Beatriz Cortez (b. 1970, San Salvador; lives and works in Los Angeles and Davis) received an MFA from California Institute of the Arts (2015) and a PhD in Latin American Literature from Arizona State University (1999). Cortez is faculty at University of California, Davis. Selected solo and two-person exhibitions have been held at Americas Society, New York (2025); Storm King Art Center, New Windsor (2023); Williams College Museum of Art, Williamstown (2023); Pitzer College Art Galleries, Claremont (2022); Institute of Contemporary Art, San Diego (2021). Selected group exhibitions have been held at Los Angeles County Museum of Art (2025); Boston Public Art Triennial (2025); Kemper Museum of Art, St. Louis (2025); Montalvo Arts Center, Saratoga (2024); 60th Venice Biennale (2024); Tufts University Art Galleries, Medford (2022); Michigan State University Broad Art Museum, East Lansing (2021); Museo de Arte Contemporáneo, Panama (2021); Wattis Institute for Contemporary Arts, San Francisco (2020). Cortez is a recipient of Latinx Arts Fellowship, Mellon Foundation (2023), New School Vera List Center Borderlands Fellowship (2022–24), and Artadia Los Angeles Award (2020).
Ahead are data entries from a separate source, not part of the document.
theorem proposition1:
  fixes n x :: nat and \<delta> :: real and p :: "nat \<Rightarrow> real \<Rightarrow> real"
  assumes "n \<ge> 2" and "\<delta> > 0"
    and "\<forall>i<n. \<forall>v\<in>grid \<delta> x. p i v > 0"
    and "\<forall>i<n. (\<Sum>v\<in>grid \<delta> x. p i v) = 1"
  shows "(\<forall>b. profile n \<delta> x b \<longrightarrow>
            (equilibrium True n \<delta> x p b \<longleftrightarrow> (\<forall>i<n. \<forall>v\<in>grid \<delta> x. b i v = v)))
       \<and> (\<forall>b. profile n \<delta> x b \<longrightarrow>
            (equilibrium False n \<delta> x p b \<longleftrightarrow>
               (\<forall>i<n. \<forall>v\<in>grid \<delta> x. b i v \<in> {v, v + \<delta>} \<inter> grid \<delta> x)))"
  using equilibrium_iff_optimal_bids[OF assms(2,1,3), of _ True]
    equilibrium_iff_optimal_bids[OF assms(2,1,3), of _ False]
  by (simp add: optimal_bid_def)

end
lemma has_real_derivative_tan_curve_weight:
  fixes A \<alpha> \<gamma> k p q \<theta> s :: real
  defines "E \<equiv> \<lambda>s. exp ((\<alpha> * p + \<gamma>) * s) * (k / cos (A * q * s + \<theta>)) powr (\<alpha> / A)"
  assumes "A > 0" and "k > 0" and "cos (A * q * s + \<theta>) > 0"
  shows "(E has_real_derivative (\<alpha> * (p + q * tan (A * q * s + \<theta>)) + \<gamma>) * E s) (at s)"
proof -
  have "((\<lambda>s. exp ((\<alpha> * p + \<gamma>) * s)) has_real_derivative
      (\<alpha> * p + \<gamma>) * exp ((\<alpha> * p + \<gamma>) * s)) (at s)"
    by (auto intro!: derivative_eq_intros)
  from DERIV_mult[OF this has_real_derivative_sec_powr[OF assms(3,4), where r = "\<alpha> / A"]]
  show ?thesis
    using \<open>A > 0\<close> by (simp add: E_def algebra_simps)
qed

lemma cos_arctan_div:
  fixes y q :: real
  assumes "q > 0"
  shows "cos (arctan (y / q)) = q / sqrt (y\<^sup>2 + q\<^sup>2)"
proof -
  have "1 + (y / q)\<^sup>2 = (y\<^sup>2 + q\<^sup>2) / q\<^sup>2"
    using assms by (simp add: field_simps power_divide)
  then show ?thesis
    using assms by (simp add: cos_arctan real_sqrt_divide)
qed

theorem mainTheorem9:
  fixes a b c al0 be0 ga0 :: nat and x :: real
  assumes balanced: "be0 = b"
    and Apos: "a > 0"
    and Delta_neg: "real c ^ 2 - 4 * real a * real b < 0"
  defines "p \<equiv> - real c / (2 * real a)"
    and "q \<equiv> sqrt (4 * real a * real b - real c ^ 2) / (2 * real a)"
  shows "\<exists>\<delta>>0. \<forall>t::real. \<bar>t\<bar> < \<delta> \<longrightarrow>
     (\<lambda>n. Ppoly a b c al0 be0 ga0 n x * t ^ n / fact n) sums
       (exp ((real al0 * p + real ga0) * t) *
        (q / (sqrt ((x - p)^2 + q^2) * cos (real a * q * t + arctan ((x - p) / q))))
          powr (real al0 / real a))"
proof -
  define \<theta> where "\<theta> = arctan ((x - p) / q)"
  define k where "k = q / sqrt ((x - p)\<^sup>2 + q\<^sup>2)"
  define X where "X s = p + q * tan (real a * q * s + \<theta>)" for s
  define E where "E s = exp ((real al0 * p + real ga0) * s)
    * (k / cos (real a * q * s + \<theta>)) powr (real al0 / real a)" for s
  have q_pos: "q > 0" and k_pos: "k > 0"
    using Apos Delta_neg by (simp_all add: q_def k_def add_nonneg_pos)
  moreover have "\<bar>\<theta>\<bar> < pi / 2"
    using arctan_bounded[of "(x - p) / q"] by (auto simp: \<theta>_def abs_less_iff)
  ultimately obtain R where "R > 0" and cos_pos: "\<And>s. \<bar>s\<bar> < R \<Longrightarrow> cos (real a * q * s + \<theta>) > 0"
    using cos_pos_near_0[of "real a * q" \<theta>] Apos by auto
  have "(X has_real_derivative real a * (X s)\<^sup>2 + real c * X s + real b) (at s)" if "\<bar>s\<bar> < R" for s
    unfolding X_def[abs_def] using Apos Delta_neg p_def q_def cos_pos[OF that]
    by (intro has_real_derivative_tan_curve_riccati) auto
  moreover have "(E has_real_derivative (real al0 * X s + real ga0) * E s) (at s)" if "\<bar>s\<bar> < R" for s
    using has_real_derivative_tan_curve_weight[OF _ k_pos cos_pos[OF that]] Apos
    by (simp add: E_def[abs_def] X_def)
  moreover have "X 0 = x" and "E 0 = 1"
    using q_pos by (simp_all add: X_def E_def \<theta>_def k_def cos_arctan_div tan_arctan)
  ultimately have "\<exists>\<delta>>0. \<forall>t. \<bar>t\<bar> < \<delta> \<longrightarrow>
      (\<lambda>n. Ppoly a b c al0 b ga0 n x * t ^ n / fact n) sums E t"
    by (rule Ppoly_egf_sums_characteristic_weight[OF \<open>R > 0\<close>])
  then show ?thesis
    by (simp add: balanced E_def k_def \<theta>_def)
qed

end
(* The semigroups of tight and loose roles are both functorial with respect to positional reductions. That is, they define functors \[\mathrm{Role}_{\mathrm{tight}} \colon k\mathbf{FHGraph}_\mathsf{PR} \to \mathbf{SGrp}_\mathsf{Q}\] and \[\mathrm{Role}_{\mathrm{loose}} \colon k\mathbf{FHGraph}_\mathsf{PR} \to \mathbf{SGrp}_\mathsf{Q}.\]
   Context: An F-hypergraph is a pair of sets \((A,H)\) with \(H \subseteq A \times \mathcal{P}(A)\); a hyperedge is written \((a,U)\) with source vertex \(a\) and target set \(U \subseteq A\). A \(k\)-relational F-hypergraph is \(\mathcal{H} = (A,(H_i)_{i=1}^k)\) where each \((A,H_i)\) is an F-hypergraph. A map of \(k\)-relational F-hypergraphs \((A,(H_i)_{i=1}^k) \to (A',(H_i')_{i=1}^k)\) is a function \(f\colon A \to A'\) such that for every \(i\) and every \((a,V) \in H_i\) we have \((f(a), f(V)) \in H_i'\). Such a map reflects hyperedges if for every \(i\), every vertex \(a \in A\) and every hyperedge \((f(a),U) \in H_i'\), there exists \(V \subseteq A\) with \((a,V) \in H_i\) and \(f(V) = U\). A positional reduction is a map of \(k\)-relational F-hypergraphs which is surjective on vertices and reflects hyperedges; \(k\mathbf{FHGraph}_\mathsf{PR}\) denotes the category of \(k\)-relational F-hypergraphs and positional reductions. \(\mathbf{SGrp}_\mathsf{Q}\) denotes the category of semigroups and surjective semigroup homomorphisms. For F-hypergraphs \((A,H_1)\), \((A,H_2)\) on the same set, the tight composite is the F-hypergraph on \(A\) with hyperedge set \[\{(a,U) \mid \text{there exist } (a,V) \in H_1 \text{ and } b \in V \text{ such that } (b,U) \in H_2\},\] and the loose composite \(H_2 \diamond H_1\) has hyperedge set \[\Big\{(a,W) \;\Big|\; \text{there exists } (a,V) \in H_1 \text{ such that } W = \bigcup_{b \in V} \bigcup_{(b,U) \in H_2} U\Big\}.\] Both operations are associative on the set of F-hypergraph structures on \(A\). For \(\mathcal{H} = (A,(H_i)_{i=1}^k)\), the semigroup of tight roles \(\mathrm{Role}_{\mathrm{tight}}(\mathcal{H})\) is the semigroup generated by \(H_1,\ldots,H_k\) under tight composition, and the semigroup of loose roles \(\mathrm{Role}_{\mathrm{loose}}(\mathcal{H})\) is the semigroup generated by \(H_1,\ldots,H_k\) under loose composition. (In the paper these are written with a black-diamond subscript and a \(\diamond\) subscript, respectively.) *)

theory Defs
  imports Main
begin
lemma pseudo_direct_bounded_decomposition:
  assumes sg: "\<forall>i\<in>{1..n}. subgrp (A i)" and sc: "\<forall>i\<in>{1..n}. spherically_complete v (A i)"
    and pd: "pseudo_direct v n A" and y: "y \<in> sum_subgrps n A"
  obtains p where "p \<in> Pi {1..n} A" and "(\<Sum>i=1..n. p i) = y" and "\<forall>i\<in>{1..n}. v y \<le> v (p i)"
proof -
  define rad where "rad p = v (y - (\<Sum>i=1..n. p i))" for p
  define G where "G = {p \<in> Pi {1..n} A. \<forall>i\<in>{1..n}. v y \<le> v (p i)}"
  let ?compat = "\<lambda>p p'. coords_close v {1..n} (min (rad p) (rad p')) p p'"
  have compat_sym: "symp ?compat"
    by (auto simp: symp_def coords_close_commute min.commute)
  obtain M where MG: "M \<subseteq> G" and M: "pairwise ?compat M"
    and M_max: "\<And>p. p \<in> G \<Longrightarrow> \<forall>p'\<in>M. ?compat p p' \<Longrightarrow> p \<in> M"
    using maximal_pairwise_subset[where X = G, OF compat_sym] by blast
  have "(\<lambda>_. 0) \<in> G"
    using sg by (simp add: G_def Pi_iff subgrp_zero)
  then obtain p0 where p0: "p0 \<in> M"
    using M_max by blast
  have "(\<lambda>p. p) ` M \<subseteq> Pi {1..n} A"
    using MG by (auto simp: G_def)
  then obtain q where q: "q \<in> Pi {1..n} A" and q_close: "\<And>p. p \<in> M \<Longrightarrow> coords_close v {1..n} (rad p) p q"
    using spherically_complete_product_common_point[OF sg sc _ M] by blast
  have bounded: "\<forall>i\<in>{1..n}. v y \<le> v (p i)" if "p \<in> M" for p
    using that MG by (auto simp: G_def)
  have rad_le: "rad p \<le> rad q" if "p \<in> M" for p
    using close_to_bounded_part(2)[OF bounded[OF that] q_close[OF that, unfolded rad_def]]
    unfolding rad_def .
  have q_bounded: "\<forall>i\<in>{1..n}. v y \<le> v (q i)"
    using close_to_bounded_part(1)[OF bounded[OF p0] q_close[OF p0, unfolded rad_def]] .
  show thesis
  proof (cases "(\<Sum>i=1..n. q i) = y")
    case True
    then show thesis
      using that q q_bounded by blast
  next
    case False
    then obtain q' where q': "q' \<in> Pi {1..n} A" and qq': "coords_close v {1..n} (rad q) q q'"
      and improves: "rad q < rad q'"
      using pseudo_direct_improve[OF sg pd y q] unfolding rad_def by blast
    have "q' \<in> G"
      using close_to_bounded_part(1)[OF q_bounded qq'[unfolded rad_def]] q' by (simp add: G_def)
    moreover have "?compat q' p" if "p \<in> M" for p
    proof -
      have "coords_close v {1..n} (rad p) p q'"
        by (rule coords_close_trans_le[OF rad_le[OF that] q_close[OF that] qq'])
      then show ?thesis
        using rad_le[OF that] improves by (simp add: min_absorb2 coords_close_commute)
    qed
    ultimately have "q' \<in> M"
      using M_max by blast
    then show thesis
      using rad_le improves by (meson leD)
  qed
qed

lemma nest_in_radii:
  assumes "nest_in v S N"
  obtains rad where "\<And>B. B \<in> N \<Longrightarrow> \<exists>c\<in>S. ball_in v S (rad B) c = B"
    and "\<And>B B' x y. B \<in> N \<Longrightarrow> B' \<in> N \<Longrightarrow> x \<in> B \<Longrightarrow> y \<in> B' \<Longrightarrow> min (rad B) (rad B') \<le> v (x - y)"
proof -
  have "\<exists>r. \<exists>c\<in>S. ball_in v S r c = B" if "B \<in> N" for B
    using assms that unfolding nest_in_def balls_in_def by blast
  then obtain rad where rad: "\<And>B. B \<in> N \<Longrightarrow> \<exists>c\<in>S. ball_in v S (rad B) c = B"
    by metis
  show thesis
  proof (rule that[OF rad])
    fix B B' x y assume "B \<in> N" "B' \<in> N" "x \<in> B" "y \<in> B'"
    then have "rad B \<le> v (x - y) \<or> rad B' \<le> v (x - y)"
      using assms rad ball_in_close unfolding nest_in_def by (metis subsetD)
    then show "min (rad B) (rad B') \<le> v (x - y)"
      by (simp add: min_le_iff_disj)
  qed
qed

lemma sum_subgrps_lift_close:
  assumes sg: "\<forall>i\<in>{1..n}. subgrp (A i)" and sc: "\<forall>i\<in>{1..n}. spherically_complete v (A i)"
    and pd: "pseudo_direct v n A" and x: "x \<in> sum_subgrps n A" and q: "q \<in> Pi {1..n} A"
    and close: "\<And>k. k \<in> I \<Longrightarrow> coords_close v {1..n} (g k) (p k) q \<and> g k \<le> v (x - (\<Sum>i=1..n. p k i))"
  obtains p' where "p' \<in> Pi {1..n} A" and "(\<Sum>i=1..n. p' i) = x"
    and "\<And>k. k \<in> I \<Longrightarrow> coords_close v {1..n} (g k) p' (p k)"
proof -
  define d where "d = x - (\<Sum>i=1..n. q i)"
  have "d \<in> sum_subgrps n A"
    unfolding d_def by (rule sum_subgrps_diff[OF sg x sum_in_sum_subgrps[OF q]])
  then obtain t where t: "t \<in> Pi {1..n} A" and t_sum: "(\<Sum>i=1..n. t i) = d"
    and t_large: "\<forall>i\<in>{1..n}. v d \<le> v (t i)"
    using pseudo_direct_bounded_decomposition[OF sg sc pd] by blast
  show thesis
  proof (rule that)
    show "(\<lambda>i. q i + t i) \<in> Pi {1..n} A"
      using q t sg by (simp add: Pi_iff subgrp_add)
    show "(\<Sum>i=1..n. q i + t i) = x"
      using t_sum by (simp add: sum.distrib d_def)
  next
    fix k assume "k \<in> I"
    then have pq: "coords_close v {1..n} (g k) (p k) q" and px: "g k \<le> v (x - (\<Sum>i=1..n. p k i))"
      using close by blast+
    have "g k \<le> v d"
      using le_value_diff_trans[OF px coords_close_sum[OF pq]] by (simp add: d_def)
    then have "coords_close v {1..n} (g k) (\<lambda>i. q i + t i) q"
      using t_large by (auto simp: coords_close_def intro: order.trans)
    moreover have "coords_close v {1..n} (g k) q (p k)"
      using pq coords_close_commute by blast
    ultimately show "coords_close v {1..n} (g k) (\<lambda>i. q i + t i) (p k)"
      by (rule coords_close_trans)
  qed
qed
Cortez has participated in residencies at Ucross Foundation (2025); The Arctic Circle (2023); and Atelier Calder, Saché (2022).
Cortez’s work is in the collections of El Paso Museum of Art; Ford Foundation, New York; Getty Research Institute, Los Angeles; Institute of Contemporary Art, San Diego; Lawrence University, Appleton; Los Angeles County Museum of Art; Michigan State University Broad Art Museum, East Lansing; Mohn Art Collective: Hammer, LACMA, MOCA (MAC3); Museo Comunitario Kaqjay, Patzicía; and Museo de la Imagen y la Palabra, San Salvador.